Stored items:
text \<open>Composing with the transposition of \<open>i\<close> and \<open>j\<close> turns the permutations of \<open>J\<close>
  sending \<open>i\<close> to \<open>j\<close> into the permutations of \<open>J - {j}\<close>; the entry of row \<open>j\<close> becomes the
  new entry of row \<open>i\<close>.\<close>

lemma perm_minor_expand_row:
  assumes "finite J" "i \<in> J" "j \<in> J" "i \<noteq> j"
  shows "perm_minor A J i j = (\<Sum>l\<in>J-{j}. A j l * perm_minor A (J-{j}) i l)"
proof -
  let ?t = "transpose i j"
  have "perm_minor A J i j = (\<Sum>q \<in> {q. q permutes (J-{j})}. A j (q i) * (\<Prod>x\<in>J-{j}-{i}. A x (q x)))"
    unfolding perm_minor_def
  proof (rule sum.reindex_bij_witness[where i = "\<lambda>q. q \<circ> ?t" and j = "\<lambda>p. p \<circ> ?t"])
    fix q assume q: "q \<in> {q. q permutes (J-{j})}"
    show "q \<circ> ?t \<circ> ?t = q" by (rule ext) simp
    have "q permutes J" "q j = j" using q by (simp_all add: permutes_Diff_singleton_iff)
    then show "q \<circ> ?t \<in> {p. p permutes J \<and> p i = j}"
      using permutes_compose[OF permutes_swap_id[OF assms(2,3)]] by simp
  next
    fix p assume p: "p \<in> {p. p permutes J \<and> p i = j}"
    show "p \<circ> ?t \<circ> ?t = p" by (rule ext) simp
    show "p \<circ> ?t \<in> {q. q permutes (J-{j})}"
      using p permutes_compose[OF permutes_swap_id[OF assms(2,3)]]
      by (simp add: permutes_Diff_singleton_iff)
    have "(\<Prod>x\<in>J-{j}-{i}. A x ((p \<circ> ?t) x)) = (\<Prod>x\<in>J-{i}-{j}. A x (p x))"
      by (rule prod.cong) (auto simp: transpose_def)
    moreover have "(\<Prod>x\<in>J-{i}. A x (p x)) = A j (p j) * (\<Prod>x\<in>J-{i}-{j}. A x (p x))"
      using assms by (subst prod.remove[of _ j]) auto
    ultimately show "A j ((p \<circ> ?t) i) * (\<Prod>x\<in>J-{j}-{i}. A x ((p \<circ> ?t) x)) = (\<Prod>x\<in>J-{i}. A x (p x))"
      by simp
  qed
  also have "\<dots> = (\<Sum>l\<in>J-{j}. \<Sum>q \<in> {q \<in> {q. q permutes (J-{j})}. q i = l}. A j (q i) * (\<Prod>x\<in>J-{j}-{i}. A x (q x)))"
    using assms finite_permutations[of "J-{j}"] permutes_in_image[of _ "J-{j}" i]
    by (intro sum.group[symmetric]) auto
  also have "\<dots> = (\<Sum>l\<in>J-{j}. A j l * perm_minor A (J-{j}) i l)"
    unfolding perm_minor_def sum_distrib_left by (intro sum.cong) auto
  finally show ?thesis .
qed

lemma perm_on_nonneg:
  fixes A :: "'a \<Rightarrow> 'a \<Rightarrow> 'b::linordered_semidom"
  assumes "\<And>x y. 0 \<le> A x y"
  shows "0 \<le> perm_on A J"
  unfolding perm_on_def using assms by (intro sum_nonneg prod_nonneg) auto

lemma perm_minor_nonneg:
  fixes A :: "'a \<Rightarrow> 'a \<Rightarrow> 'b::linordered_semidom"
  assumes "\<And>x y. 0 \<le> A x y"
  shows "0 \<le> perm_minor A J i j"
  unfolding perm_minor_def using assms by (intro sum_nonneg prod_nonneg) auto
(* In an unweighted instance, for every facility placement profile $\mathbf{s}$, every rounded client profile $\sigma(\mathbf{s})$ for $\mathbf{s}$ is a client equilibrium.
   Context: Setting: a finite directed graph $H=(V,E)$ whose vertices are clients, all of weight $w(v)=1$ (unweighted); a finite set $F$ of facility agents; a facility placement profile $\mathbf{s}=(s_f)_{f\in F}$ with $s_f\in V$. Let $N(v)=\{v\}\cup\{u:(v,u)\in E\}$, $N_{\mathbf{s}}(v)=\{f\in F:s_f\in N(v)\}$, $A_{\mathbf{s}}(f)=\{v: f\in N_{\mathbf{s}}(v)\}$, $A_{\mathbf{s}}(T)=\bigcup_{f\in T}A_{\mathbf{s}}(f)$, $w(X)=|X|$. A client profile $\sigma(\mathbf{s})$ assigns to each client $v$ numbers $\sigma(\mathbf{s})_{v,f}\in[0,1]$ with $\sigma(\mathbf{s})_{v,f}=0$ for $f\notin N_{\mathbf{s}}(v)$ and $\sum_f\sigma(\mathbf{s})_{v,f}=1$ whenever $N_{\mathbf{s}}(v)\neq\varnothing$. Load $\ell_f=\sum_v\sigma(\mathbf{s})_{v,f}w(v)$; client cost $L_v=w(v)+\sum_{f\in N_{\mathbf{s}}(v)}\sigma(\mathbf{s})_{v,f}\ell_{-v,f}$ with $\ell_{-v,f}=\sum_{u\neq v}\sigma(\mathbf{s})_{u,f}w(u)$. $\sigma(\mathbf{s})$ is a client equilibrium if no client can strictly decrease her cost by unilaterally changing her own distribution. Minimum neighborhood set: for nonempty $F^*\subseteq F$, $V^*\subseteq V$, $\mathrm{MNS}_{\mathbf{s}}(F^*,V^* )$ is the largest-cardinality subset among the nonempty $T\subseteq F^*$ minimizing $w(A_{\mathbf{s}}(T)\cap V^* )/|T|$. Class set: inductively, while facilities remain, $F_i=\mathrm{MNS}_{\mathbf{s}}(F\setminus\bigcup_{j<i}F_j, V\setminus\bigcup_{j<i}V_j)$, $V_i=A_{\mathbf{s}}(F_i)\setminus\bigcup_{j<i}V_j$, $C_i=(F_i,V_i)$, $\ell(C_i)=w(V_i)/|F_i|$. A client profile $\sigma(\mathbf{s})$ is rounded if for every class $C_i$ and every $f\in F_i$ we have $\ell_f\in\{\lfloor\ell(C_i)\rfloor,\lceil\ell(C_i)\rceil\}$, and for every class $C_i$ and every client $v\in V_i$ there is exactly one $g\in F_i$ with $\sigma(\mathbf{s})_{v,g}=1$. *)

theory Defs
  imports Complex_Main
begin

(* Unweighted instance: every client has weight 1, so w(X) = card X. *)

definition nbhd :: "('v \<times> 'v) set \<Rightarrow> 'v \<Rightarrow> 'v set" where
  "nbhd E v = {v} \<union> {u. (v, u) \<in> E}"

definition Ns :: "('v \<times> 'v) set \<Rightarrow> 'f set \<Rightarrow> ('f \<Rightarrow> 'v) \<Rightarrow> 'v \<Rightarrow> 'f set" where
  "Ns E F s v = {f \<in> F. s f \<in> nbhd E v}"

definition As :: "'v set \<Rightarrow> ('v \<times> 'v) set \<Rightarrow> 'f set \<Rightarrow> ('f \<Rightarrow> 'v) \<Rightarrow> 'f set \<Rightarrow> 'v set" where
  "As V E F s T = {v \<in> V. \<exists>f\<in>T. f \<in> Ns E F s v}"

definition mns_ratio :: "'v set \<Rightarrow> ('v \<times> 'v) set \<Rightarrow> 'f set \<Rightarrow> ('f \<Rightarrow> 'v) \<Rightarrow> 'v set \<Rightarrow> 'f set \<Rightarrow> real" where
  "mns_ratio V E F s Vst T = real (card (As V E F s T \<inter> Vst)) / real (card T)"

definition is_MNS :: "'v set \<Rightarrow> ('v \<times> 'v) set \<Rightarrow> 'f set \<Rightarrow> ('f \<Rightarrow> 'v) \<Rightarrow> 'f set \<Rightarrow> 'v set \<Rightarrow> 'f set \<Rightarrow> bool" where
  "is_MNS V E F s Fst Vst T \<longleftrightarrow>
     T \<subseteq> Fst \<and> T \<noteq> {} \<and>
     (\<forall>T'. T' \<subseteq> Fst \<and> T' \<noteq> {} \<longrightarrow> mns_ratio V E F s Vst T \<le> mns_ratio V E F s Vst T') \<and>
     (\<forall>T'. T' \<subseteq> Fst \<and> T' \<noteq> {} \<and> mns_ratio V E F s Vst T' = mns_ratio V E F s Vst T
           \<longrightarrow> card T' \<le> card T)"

PROBLEM STATEMENT:
Please return only the lines above, starting at the line that has "using p permutes_compose[OF" and ending at the line that has "by (rule prod.cong)", keeping both and leaving each one unchanged.

FINISHED EXERCISE:
      using p permutes_compose[OF permutes_swap_id[OF assms(2,3)]]
      by (simp add: permutes_Diff_singleton_iff)
    have "(\<Prod>x\<in>J-{j}-{i}. A x ((p \<circ> ?t) x)) = (\<Prod>x\<in>J-{i}-{j}. A x (p x))"
      by (rule prod.cong) (auto simp: transpose_def)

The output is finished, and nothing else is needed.